Re: 30 milllion+ docs on a single server

Posted by Tomi NA <he...@gmail.com>.

On 8/12/06, Mark Miller <ma...@gmail.com> wrote:
> I've made a nice little archive application with lucene. I made it to
> handle our largest need: 2.5 million docs or so on a single server. Now
> the powers that be say: lets use it for a 30+ million document archive
> on a single server! (each doc size maybe 10k max...as small as a 1 or
> 2k) Please tell me why we are in trouble...please tell me why we are
> not. I have tested up to 2 million docs without much trouble but 30
> million...the average search will include a sort on a field as
> well...can I search 30+ million docs with a sort? Man am I worried about
> that. Maybe the server will have 8 procs and 12 billion gigs of RAM.
> Mabye. Even still, Tomcat seems to be able to launch with a max of 1.5
> or 1.6 gig of Ram in Windows. What do you think? 30 million+ sounds like
> too much of a load to me for a single server. Not that they care what I
> think...I only wrote the thing (man I hate my job, offer me a new one :)
> )...please...comments?
>
> Cheers,
>
> Miserable Mark

I don't really understand what you're so worried about. Either it'll
work well with the setup you have, or it won't. It's really the size
of it. ;)
Seriously, you have a number of relatively cheap possibilities at hand
to improve search performance: storing the index on a RAID 5 disk
array will let you read the indices very fast, using multicore CPUs,
adding memory and even if all that isn't good enough, you can always
use a small cluster (say, 4 nodes) of very, very inexpensive PCs
filled with a GB of RAM. You don't have to keep them inside the
regular UPS/backup/voult-protected area as the indices can always be
rebuilt (unlike e.g. data in transactional systems) and between 4 of
them they might cost like an entry-level server.
I'll let the experts speak now. :)

t.n.a.

---------------------------------------------------------------------
To unsubscribe, e-mail: java-user-unsubscribe@lucene.apache.org
For additional commands, e-mail: java-user-help@lucene.apache.org

Re[2]: 30 milllion+ docs on a single server

Posted by Artem Vasiliev <ar...@gmail.com>.

Hi guys!

I have noticed many questions on the list vonsidering Lucene sorting
memory consumption and hope my solution can help someone.

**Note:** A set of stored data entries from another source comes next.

(* Let $f_c>0$, $B>0$, $t_{\max}>0$, let $K\ge 3$ be an odd integer, and for $k\in\{1,\dots,K\}$ let $f_k = f_c + \frac{B}{K}\left(k-1-\frac{K-1}{2}\right)$ and $\zeta_k=f_k/f_c$. Let $N\ge1$ and $m\ge1$ be integers, let $\psi_{c,l}\ge 0$, and define $\gamma_{n,m}^{(l)} = ((m-1)N+n-1)\psi_{c,l}$ for $n=1,\dots,N$, and $\vartheta_{\max}=2f_c t_{\max}$. Consider the problem $$\min_{x_{1,m}^{(l)},\dots,x_{N,m}^{(l)}\in\mathbb{R},\ \vartheta_m^{(l)}\in\mathbb{R}}\ \frac{1}{K}\sum_{k=1}^{K}\sum_{n=1}^{N}\left(x_{n,m}^{(l)}-\zeta_k\vartheta_m^{(l)}+\zeta_k\gamma_{n,m}^{(l)}\right)^2 \quad\text{subject to}\quad 0\le \vartheta_m^{(l)}\le\vartheta_{\max}.$$ Its optimal solution is given by $$x_{n,m}^{(l)\star}=\begin{cases}\frac{N-2n+1}{2}\psi_{c,l}, & \text{if } 0\le\psi_{c,l}\le \frac{4f_ct_{\max}}{(2m-1)N-1},\\[2pt] \vartheta_{\max}-\gamma_{n,m}^{(l)}, & \text{otherwise},\end{cases}\qquad n=1,\dots,N,$$ and $\vartheta_m^{(l)\star}=2f_c t_m^{(l)\star}$, where $$t_m^{(l)\star}=\begin{cases}\frac{(2m-1)N-1}{4f_c}\psi_{c,l}, & \text{if } 0\le\psi_{c,l}\le \frac{4f_ct_{\max}}{(2m-1)N-1},\\[2pt] t_{\max}, & \text{otherwise},\end{cases}$$ with the convention that $\frac{4f_ct_{\max}}{(2m-1)N-1}=+\infty$ when $(2m-1)N-1=0$.
   Context: This is the phase-domain formulation of joint phase-shifter/true-time-delay precoding for one RF chain $l$ and one TTD index $m$: $x_{n,m}^{(l)}$ (in units of $\pi$) are the phase-shifter phases of the $N$ antennas connected to the $m$th TTD, $\vartheta_m^{(l)}=2f_ct_m^{(l)}$ with $t_m^{(l)}\in[0,t_{\max}]$ the TTD time delay, and $-\zeta_k\gamma_{n,m}^{(l)}$ is the phase (in units of $\pi$) of the optimal fully-digital precoder at subcarrier $k$. The paper assumes throughout that $\psi_{c,l}\ge 0$. *)

theory Defs
  imports Complex_Main
begin

definition subcarrier_freq :: "real \<Rightarrow> real \<Rightarrow> nat \<Rightarrow> nat \<Rightarrow> real" where
  "subcarrier_freq fc B K k = fc + B / real K * (real k - 1 - (real K - 1) / 2)"

definition zeta :: "real \<Rightarrow> real \<Rightarrow> nat \<Rightarrow> nat \<Rightarrow> real" where
  "zeta fc B K k = subcarrier_freq fc B K k / fc"

definition gamma :: "nat \<Rightarrow> nat \<Rightarrow> real \<Rightarrow> nat \<Rightarrow> real" where
  "gamma N m psi n = (real ((m - 1) * N + n) - 1) * psi"

definition objective ::
  "real \<Rightarrow> real \<Rightarrow> nat \<Rightarrow> nat \<Rightarrow> nat \<Rightarrow> real \<Rightarrow> (nat \<Rightarrow> real) \<Rightarrow> real \<Rightarrow> real" where
  "objective fc B K N m psi x theta =
     1 / real K * (\<Sum>k = 1..K. \<Sum>n = 1..N.
        (x n - zeta fc B K k * theta + zeta fc B K k * gamma N m psi n)\<^sup>2)"

definition small_psi :: "real \<Rightarrow> real \<Rightarrow> nat \<Rightarrow> nat \<Rightarrow> real \<Rightarrow> bool" where
  "small_psi fc tmax N m psi \<longleftrightarrow>
     0 \<le> psi \<and> (real ((2 * m - 1) * N) - 1 = 0 \<or>
                  psi \<le> 4 * fc * tmax / (real ((2 * m - 1) * N) - 1))"

definition x_opt :: "real \<Rightarrow> real \<Rightarrow> nat \<Rightarrow> nat \<Rightarrow> real \<Rightarrow> nat \<Rightarrow> real" where
  "x_opt fc tmax N m psi n =
     (if small_psi fc tmax N m psi then (real N - 2 * real n + 1) / 2 * psi
      else 2 * fc * tmax - gamma N m psi n)"

definition t_opt :: "real \<Rightarrow> real \<Rightarrow> nat \<Rightarrow> nat \<Rightarrow> real \<Rightarrow> real" where
  "t_opt fc tmax N m psi =
     (if small_psi fc tmax N m psi then (real ((2 * m - 1) * N) - 1) / (4 * fc) * psi
      else tmax)"

end

theory Submission
  imports Defs
begin

text \<open>Since the offsets \<open>\<zeta>\<^sub>k - 1\<close> and \<open>\<gamma>\<^sub>n - \<mu>\<close> (with \<open>\<mu>\<close> the mean of the \<open>\<gamma>\<^sub>n\<close>)
  both sum to zero, expanding the squares splits the objective into
  \<open>\<Sum>\<^sub>n (x\<^sub>n - \<theta> + \<gamma>\<^sub>n)\<^sup>2 + c (\<theta> - \<mu>)\<^sup>2 + const\<close> with \<open>c > 0\<close>. The first term vanishes
  exactly for \<open>x\<^sub>n = \<theta> - \<gamma>\<^sub>n\<close>, and the second is minimised over \<open>[0, \<theta>\<^sub>m\<^sub>a\<^sub>x]\<close> exactly
  at \<open>min \<mu> \<theta>\<^sub>m\<^sub>a\<^sub>x\<close>, which is what the case distinction in \<open>t_opt\<close> computes.\<close>

lemma sum_square_shift_centered:
  fixes u :: "'a \<Rightarrow> real"
  assumes "(\<Sum>i\<in>A. u i) = 0"
  shows "(\<Sum>i\<in>A. (u i + c)\<^sup>2) = (\<Sum>i\<in>A. (u i)\<^sup>2) + real (card A) * c\<^sup>2"
proof -
  have "(\<Sum>i\<in>A. (u i + c)\<^sup>2) = (\<Sum>i\<in>A. (u i)\<^sup>2 + 2 * c * u i + c\<^sup>2)"
    by (simp add: power2_sum algebra_simps)
  also have "\<dots> = (\<Sum>i\<in>A. (u i)\<^sup>2) + 2 * c * (\<Sum>i\<in>A. u i) + real (card A) * c\<^sup>2"
    by (simp add: sum.distrib sum_distrib_left)
  finally show ?thesis
    using assms by simp
qed

lemma sum_atLeastAtMost_centered: "(\<Sum>k = 1..n. real k - (real n + 1) / 2) = 0"
proof -
  have "2 * (\<Sum>k = 1..n. real k) = real n * (real n + 1)"
    using double_gauss_sum_from_Suc_0 [of n, where ?'a = real] by simp
  then show ?thesis
    by (simp add: sum_subtractf)
qed

lemma sum_zeta_minus_one:
  assumes "fc \<noteq> 0"
  shows "(\<Sum>k = 1..K. zeta fc B K k - 1) = 0"
proof -
  have "zeta fc B K k - 1 = B / (real K * fc) * (real k - (real K + 1) / 2)" for k
    using assms by (simp add: zeta_def subcarrier_freq_def field_simps)
  then have "(\<Sum>k = 1..K. zeta fc B K k - 1) =
      B / (real K * fc) * (\<Sum>k = 1..K. real k - (real K + 1) / 2)"
    by (simp add: sum_distrib_left)
  then show ?thesis
    by (simp only: sum_atLeastAtMost_centered mult_zero_right)
qed

definition zeta_spread :: "real \<Rightarrow> real \<Rightarrow> nat \<Rightarrow> real" where
  "zeta_spread fc B K = (\<Sum>k = 1..K. (zeta fc B K k - 1)\<^sup>2)"

lemma zeta_spread_pos:
  assumes "fc \<noteq> 0" "B \<noteq> 0" "K \<ge> 2"
  shows "zeta_spread fc B K > 0"
proof -
  have "zeta fc B K 1 - 1 = - B * (real K - 1) / (2 * real K * fc)"
    using assms by (simp add: zeta_def subcarrier_freq_def field_simps)
  then have "(zeta fc B K 1 - 1)\<^sup>2 > 0"
    using assms by simp
  also have "(zeta fc B K 1 - 1)\<^sup>2 \<le> zeta_spread fc B K"
    unfolding zeta_spread_def using assms by (intro member_le_sum) auto
  finally show ?thesis .
qed

lemma sum_zeta_square:
  assumes "fc \<noteq> 0"
  shows "(\<Sum>k = 1..K. (y + zeta fc B K k * d)\<^sup>2) = real K * (y + d)\<^sup>2 + zeta_spread fc B K * d\<^sup>2"
proof -
  have centered: "(\<Sum>k = 1..K. (zeta fc B K k - 1) * d) = 0"
    using sum_zeta_minus_one [OF assms] by (simp add: sum_distrib_right [symmetric])
  have "(\<Sum>k = 1..K. (y + zeta fc B K k * d)\<^sup>2) = (\<Sum>k = 1..K. ((zeta fc B K k - 1) * d + (y + d))\<^sup>2)"
    by (simp add: algebra_simps)
  also have "\<dots> = (\<Sum>k = 1..K. ((zeta fc B K k - 1) * d)\<^sup>2) + real K * (y + d)\<^sup>2"
    using sum_square_shift_centered [OF centered] by simp
  finally show ?thesis
    by (simp add: zeta_spread_def power_mult_distrib sum_distrib_right)
qed

definition gamma_mean :: "nat \<Rightarrow> nat \<Rightarrow> real \<Rightarrow> real" where
  "gamma_mean N m psi = (real ((2 * m - 1) * N) - 1) * psi / 2"

lemma gamma_eq_gamma_mean_plus:
  assumes "m \<ge> 1"
  shows "gamma N m psi n = gamma_mean N m psi + (real n - (real N + 1) / 2) * psi"
  using assms by (simp add: gamma_def gamma_mean_def of_nat_diff field_simps)

lemma sum_gamma_minus_mean:
  assumes "m \<ge> 1"
  shows "(\<Sum>n = 1..N. gamma N m psi n - gamma_mean N m psi) = 0"
  using sum_atLeastAtMost_centered [of N]
  by (simp add: gamma_eq_gamma_mean_plus [OF assms] sum_distrib_right [symmetric])

lemma objective_decomposition:
  fixes N m :: nat and psi fc B :: real
  assumes "fc \<noteq> 0" "K > 0" "m \<ge> 1"
  defines "g \<equiv> gamma N m psi" and "\<mu> \<equiv> gamma_mean N m psi" and "c \<equiv> zeta_spread fc B K / real K"
  shows "objective fc B K N m psi x \<theta> =
    (\<Sum>n = 1..N. (x n - \<theta> + g n)\<^sup>2) + c * real N * (\<theta> - \<mu>)\<^sup>2 + c * (\<Sum>n = 1..N. (g n - \<mu>)\<^sup>2)"
proof -
  have "objective fc B K N m psi x \<theta> =
      1 / real K * (\<Sum>n = 1..N. \<Sum>k = 1..K. (x n + zeta fc B K k * (g n - \<theta>))\<^sup>2)"
    unfolding objective_def g_def by (subst sum.swap) (simp add: algebra_simps)
  also have "\<dots> = 1 / real K *
      (\<Sum>n = 1..N. real K * (x n + (g n - \<theta>))\<^sup>2 + zeta_spread fc B K * (g n - \<theta>)\<^sup>2)"
    using sum_zeta_square [OF assms(1), of "x n" B K "g n - \<theta>" for n] by simp
  also have "\<dots> = (\<Sum>n = 1..N. (x n - \<theta> + g n)\<^sup>2) + c * (\<Sum>n = 1..N. ((g n - \<mu>) + (\<mu> - \<theta>))\<^sup>2)"
    using assms(2) by (simp add: c_def sum.distrib sum_distrib_left field_simps)
  also have "(\<Sum>n = 1..N. ((g n - \<mu>) + (\<mu> - \<theta>))\<^sup>2) = (\<Sum>n = 1..N. (g n - \<mu>)\<^sup>2) + real N * (\<theta> - \<mu>)\<^sup>2"
    using sum_square_shift_centered
        [OF sum_gamma_minus_mean [OF assms(3), of N psi], where c = "\<mu> - \<theta>"]
    unfolding g_def \<mu>_def by (simp add: power2_commute)
  finally show ?thesis
    by (simp add: algebra_simps)
qed

lemma one_le_of_nat_odd_mult:
  assumes "N \<ge> 1" "m \<ge> 1"
  shows "1 \<le> real ((2 * m - 1) * N)"
proof -
  have "(2 * m - 1) * N \<ge> 1"
    using assms by simp
  then show ?thesis
    by (metis of_nat_1 of_nat_le_iff)
qed

lemma gamma_mean_nonneg:
  assumes "N \<ge> 1" "m \<ge> 1" "psi \<ge> 0"
  shows "gamma_mean N m psi \<ge> 0"
proof -
  have "real ((2 * m - 1) * N) - 1 \<ge> 0"
    using one_le_of_nat_odd_mult [OF assms(1,2)] by linarith
  then show ?thesis
    unfolding gamma_mean_def using assms(3)
    by (metis divide_nonneg_pos mult_nonneg_nonneg zero_less_numeral)
qed

lemma small_psi_iff_gamma_mean_le:
  assumes "fc > 0" "tmax \<ge> 0" "psi \<ge> 0" "N \<ge> 1" "m \<ge> 1"
  shows "small_psi fc tmax N m psi \<longleftrightarrow> gamma_mean N m psi \<le> 2 * fc * tmax"
proof -
  define a where "a = real ((2 * m - 1) * N) - 1"
  have "a \<ge> 0"
    using one_le_of_nat_odd_mult [OF assms(4,5)] unfolding a_def by linarith
  then consider "a = 0" | "a > 0"
    by linarith
  then show ?thesis
  proof cases
    case 1
    then show ?thesis
      unfolding small_psi_def gamma_mean_def a_def [symmetric] using assms by simp
  next
    case 2
    then show ?thesis
      unfolding small_psi_def gamma_mean_def a_def [symmetric] using assms
      by (simp add: pos_le_divide_eq mult_ac)
  qed
qed

lemma two_fc_t_opt_eq_min:
  assumes "fc > 0" "tmax \<ge> 0" "psi \<ge> 0" "N \<ge> 1" "m \<ge> 1"
  shows "2 * fc * t_opt fc tmax N m psi = min (gamma_mean N m psi) (2 * fc * tmax)"
  using small_psi_iff_gamma_mean_le [OF assms] assms(1)
  by (simp add: t_opt_def gamma_mean_def)

lemma x_opt_eq:
  assumes "fc \<noteq> 0" "m \<ge> 1"
  shows "x_opt fc tmax N m psi = (\<lambda>n. 2 * fc * t_opt fc tmax N m psi - gamma N m psi n)"
  using assms
  by (auto simp: x_opt_def t_opt_def gamma_eq_gamma_mean_plus gamma_mean_def field_simps)

lemma sq_dist_clamp_le:
  fixes \<theta> \<mu> M :: real
  assumes "\<theta> \<le> M"
  shows "(min \<mu> M - \<mu>)\<^sup>2 \<le> (\<theta> - \<mu>)\<^sup>2"
  using assms by (simp add: abs_le_square_iff [symmetric])

lemma sq_dist_clamp_unique:
  fixes \<theta> \<mu> M :: real
  assumes "\<theta> \<le> M" "(\<theta> - \<mu>)\<^sup>2 \<le> (min \<mu> M - \<mu>)\<^sup>2"
  shows "\<theta> = min \<mu> M"
  using assms by (auto simp: abs_le_square_iff [symmetric] min_def split: if_splits)

lemma clamped_least_squares:
  fixes F :: "('a \<Rightarrow> real) \<Rightarrow> real \<Rightarrow> real" and g :: "'a \<Rightarrow> real"
  assumes "finite A" "c > 0"
    and F: "\<And>x \<theta>. F x \<theta> = (\<Sum>n\<in>A. (x n - \<theta> + g n)\<^sup>2) + c * (\<theta> - \<mu>)\<^sup>2 + C"
    and "\<theta> \<le> M"
  defines "\<theta>\<^sub>0 \<equiv> min \<mu> M"
  shows "F (\<lambda>n. \<theta>\<^sub>0 - g n) \<theta>\<^sub>0 \<le> F x \<theta>"
    and "F x \<theta> = F (\<lambda>n. \<theta>\<^sub>0 - g n) \<theta>\<^sub>0 \<Longrightarrow> \<theta> = \<theta>\<^sub>0 \<and> (\<forall>n\<in>A. x n = \<theta>\<^sub>0 - g n)"
proof -
  define S where "S = (\<Sum>n\<in>A. (x n - \<theta> + g n)\<^sup>2)"
  have S_nonneg: "S \<ge> 0"
    unfolding S_def by (simp add: sum_nonneg)
  have F_opt: "F (\<lambda>n. \<theta>\<^sub>0 - g n) \<theta>\<^sub>0 = c * (\<theta>\<^sub>0 - \<mu>)\<^sup>2 + C"
    by (simp add: F)
  have dist_le: "c * (\<theta>\<^sub>0 - \<mu>)\<^sup>2 \<le> c * (\<theta> - \<mu>)\<^sup>2"
    using sq_dist_clamp_le [OF \<open>\<theta> \<le> M\<close>] \<open>c > 0\<close> by (simp add: \<theta>\<^sub>0_def)
  show "F (\<lambda>n. \<theta>\<^sub>0 - g n) \<theta>\<^sub>0 \<le> F x \<theta>"
    using F_opt F [of x \<theta>] S_nonneg dist_le by (simp add: S_def)
  assume "F x \<theta> = F (\<lambda>n. \<theta>\<^sub>0 - g n) \<theta>\<^sub>0"
  then have "S + c * (\<theta> - \<mu>)\<^sup>2 = c * (\<theta>\<^sub>0 - \<mu>)\<^sup>2"
    using F_opt F [of x \<theta>] by (simp add: S_def)
  then have "S = 0" and "c * (\<theta> - \<mu>)\<^sup>2 \<le> c * (\<theta>\<^sub>0 - \<mu>)\<^sup>2"
    using S_nonneg dist_le by linarith+
  then have "\<theta> = \<theta>\<^sub>0" and "\<forall>n\<in>A. (x n - \<theta> + g n)\<^sup>2 = 0"
    using sq_dist_clamp_unique [OF \<open>\<theta> \<le> M\<close>] \<open>c > 0\<close> \<open>finite A\<close>
    by (simp_all add: \<theta>\<^sub>0_def S_def sum_nonneg_eq_0_iff)
  then show "\<theta> = \<theta>\<^sub>0 \<and> (\<forall>n\<in>A. x n = \<theta>\<^sub>0 - g n)"
    by (auto simp: algebra_simps)
qed

theorem theorem1:
  fixes fc B tmax psi :: real and K N m :: nat
  assumes "fc > 0" "B > 0" "tmax > 0"
    and "K \<ge> 3" "odd K"
    and "N \<ge> 1" "m \<ge> 1"
    and "psi \<ge> 0"
  shows "0 \<le> 2 * fc * t_opt fc tmax N m psi
       \<and> 2 * fc * t_opt fc tmax N m psi \<le> 2 * fc * tmax
       \<and> (\<forall>x theta. 0 \<le> theta \<and> theta \<le> 2 * fc * tmax \<longrightarrow>
            objective fc B K N m psi (x_opt fc tmax N m psi) (2 * fc * t_opt fc tmax N m psi)
              \<le> objective fc B K N m psi x theta)
       \<and> (\<forall>x theta. 0 \<le> theta \<and> theta \<le> 2 * fc * tmax \<and>
            objective fc B K N m psi x theta
              = objective fc B K N m psi (x_opt fc tmax N m psi) (2 * fc * t_opt fc tmax N m psi)
            \<longrightarrow> theta = 2 * fc * t_opt fc tmax N m psi
                \<and> (\<forall>n \<in> {1..N}. x n = x_opt fc tmax N m psi n))"
proof -
  let ?\<mu> = "gamma_mean N m psi" and ?M = "2 * fc * tmax"
  have \<theta>_opt: "2 * fc * t_opt fc tmax N m psi = min ?\<mu> ?M"
    using assms by (intro two_fc_t_opt_eq_min) auto
  have x_opt: "x_opt fc tmax N m psi = (\<lambda>n. min ?\<mu> ?M - gamma N m psi n)"
    using x_opt_eq [of fc m] assms by (simp add: \<theta>_opt)
  have c_pos: "zeta_spread fc B K / real K * real N > 0"
    using zeta_spread_pos [of fc B K] assms by simp
  have objective: "objective fc B K N m psi x \<theta> =
      (\<Sum>n\<in>{1..N}. (x n - \<theta> + gamma N m psi n)\<^sup>2)
      + zeta_spread fc B K / real K * real N * (\<theta> - ?\<mu>)\<^sup>2
      + zeta_spread fc B K / real K * (\<Sum>n = 1..N. (gamma N m psi n - ?\<mu>)\<^sup>2)" for x \<theta>
    using assms by (intro objective_decomposition) auto
  note least_squares = clamped_least_squares [OF finite_atLeastAtMost c_pos objective]
  have "0 \<le> min ?\<mu> ?M"
    using gamma_mean_nonneg [of N m psi] assms by simp
  moreover have "min ?\<mu> ?M \<le> ?M"
    by simp
  ultimately show ?thesis
    unfolding x_opt \<theta>_opt using least_squares by blast
qed

end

I faced a memory/time consumption problem on sorting in Lucene back in
April. With a help of this list's experts I came to solution which I
like: documents from the sorting set (instead of given the field's
values from the whole index) are lazy-cached in a WeakHashMap so the
cached items are candidates for GC. I didn't create a patch yet (and
I'm going to make it) but the code is ready to be reused and it's used
for a while as a part of my open-source project, sharehound
(http://sharehound.sourceforge.net). The code can be now reached by a
CVS browser, it's in 4 classes in subdirectories of
http://sharehound.cvs.sourceforge.net/sharehound/jNetCrawler/src/java/org/apache/lucene/.

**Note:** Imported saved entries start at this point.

(* If $m\ge 1$, $t\ge 1$ and $n=m(2^t-1)$, then \[s\text{-}sat(Q_n,Q_m)\le\Big(\frac{m^2}{2}+\frac{m}{2}\Big)2^n.\]
   Context: $Q_n$ is the hypercube on $\{0,1\}^n$ with edges between vertices differing in exactly one coordinate. A copy of $F$ is a subgraph isomorphic to $F$. A graph $G$ is $(Q_n,F)$-semi-saturated if $G\subseteq Q_n$ and adding any edge of $E(Q_n)\setminus E(G)$ increases the number of copies of $F$. $s\text{-}sat(Q_n,F)$ is the minimum number of edges of such a graph. *)

theory Defs
  imports Complex_Main
begin

text \<open>The hypercube Q_n: vertices are the subsets of {0..<n} (characteristic
  vectors of 0/1 strings of length n); two vertices are adjacent iff their
  symmetric difference has exactly one element (differ in exactly one coordinate).\<close>

definition hyp_verts :: "nat \<Rightarrow> nat set set" where
  "hyp_verts n = Pow {..<n}"

definition hyp_edges :: "nat \<Rightarrow> nat set set set" where
  "hyp_edges n = {{A, B} | A B. A \<in> hyp_verts n \<and> B \<in> hyp_verts n \<and>
                      card ((A - B) \<union> (B - A)) = 1}"

definition copies :: "'a set \<Rightarrow> 'a set set \<Rightarrow> 'b set \<Rightarrow> 'b set set \<Rightarrow> ('b set \<times> 'b set set) set" where
  "copies VF EF V E = {(W, D). W \<subseteq> V \<and> D \<subseteq> E \<and>
      (\<exists>f. bij_betw f VF W \<and> D = (\<lambda>e. f ` e) ` EF)}"

definition semi_saturated :: "nat \<Rightarrow> 'a set \<Rightarrow> 'a set set \<Rightarrow> nat set set set \<Rightarrow> bool" where
  "semi_saturated n VF EF E \<longleftrightarrow> E \<subseteq> hyp_edges n \<and>
     (\<forall>e \<in> hyp_edges n - E.
        card (copies VF EF (hyp_verts n) (insert e E)) > card (copies VF EF (hyp_verts n) E))"

definition s_sat :: "nat \<Rightarrow> 'a set \<Rightarrow> 'a set set \<Rightarrow> nat" where
  "s_sat n VF EF = Min (card ` {E. semi_saturated n VF EF E})"

end

theory Submission
  imports Defs
begin

(* Split the n coordinates into m blocks of k = 2^t - 1 coordinates and label the k
   coordinates of each block bijectively by the nonzero vectors of GF(2)^t (subsets of
   {0..<t}).  For a vertex A (a subset of {0..<n}) the block sum of block l is the GF(2)-sum
   of the labels of the coordinates of A in that block; A is degenerate if some block sum
   vanishes.  The graph sat_graph consists of the edges of Q_n with a degenerate endpoint.

   Counting: each block sum vanishes on a 2^-t fraction of the vertices, and for the edge of
   A in direction c only the m block sums of A and the block sum of c's block at A + c
   matter, so sat_graph has at most n (m+1) 2^(n-t) / 2 <= m (m+1) 2^n / 2 edges.

   Semi-saturation: if the edge {A, A + c} is missing, every block sum of A is nonzero and
   hence the label of some coordinate phi(l) of block l (for the block of c put phi = c).
   The subcube X |-> A + phi(X) is a copy of Q_m through the missing edge all of whose other
   edges have a degenerate endpoint, so adding the edge creates a new copy of Q_m. *)

lemma hyp_edge_toggle:
  assumes "A \<subseteq> {..<n}" and "c < n"
  shows "{A, sym_diff A {c}} \<in> hyp_edges n"
proof -
  have "sym_diff A (sym_diff A {c}) = {c}" by blast
  then have "card (sym_diff A (sym_diff A {c})) = 1" by simp
  moreover have "A \<in> Pow {..<n}" "sym_diff A {c} \<in> Pow {..<n}" using assms by auto
  ultimately show ?thesis unfolding hyp_edges_def hyp_verts_def by blast
qed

They (both classes, as a part of sharehound.jar, and sources) can also
be downloaded with the latest (1.1.3 alpha) sharehound release zip
file.

LazyCachingSortFactory class have an example of use in its header
comments, I duplicate it here:

/**
 * Creates a Sort that doesn't use FieldCache and doesn't therefore load all the field values from the index while sorting.
 * Instead it uses CachingIndexReader (via CachingDocFieldComparatorSource) to cache documents from which field values
 * are fetched. If the caller Searcher is based on CachingIndexReader itself its document cache will be used here.
 *
 *
 * An example of use:
  ...
  hits = getQueryHits(query, getSort(listSorting.getSortFieldName(), listSorting.isSortDescending()));
  ...

  public Sort getSort(String sortFieldName, boolean sortDescending) {
    return LazyCachingSortFactory.create(sortFieldName, sortDescending);
  }
  ...
  protected Hits getQueryHits(Query query, Sort sort) throws IOException {
     IndexSearcher indexSearcher = new IndexSearcher(CachingIndexReader.decorateIfNeeded(IndexReader.open(getIndexDir())));
     return indexSearcher.search(query, sort);
  }

*/

This solution does great work saving a memory and in case of
relatively search resultsets it's almost as fast as the default
implementation. Note that this solution is ready only for single-field
sorting currently.

Best regards,
Artem

OG> This is unlikely to work well/fast.  It will depend on the
OG> size of the index (not in terms of the number of docs, but its
OG> physical size), the number of queries/second and desired query
OG> latency.  If you can wait 10 seconds to get a query and if only a
OG> few queries are hitting the server at any one time, then you may
OG> be Ok.  Having things be up to date with non-relevancy sorting
OG> will be quite tough.  FieldCache will consume some RAM.  Warming
OG> it up will take some number of seconds.  Re-opening an
OG> IndexSearcher after index changes will also cost you a bit of time.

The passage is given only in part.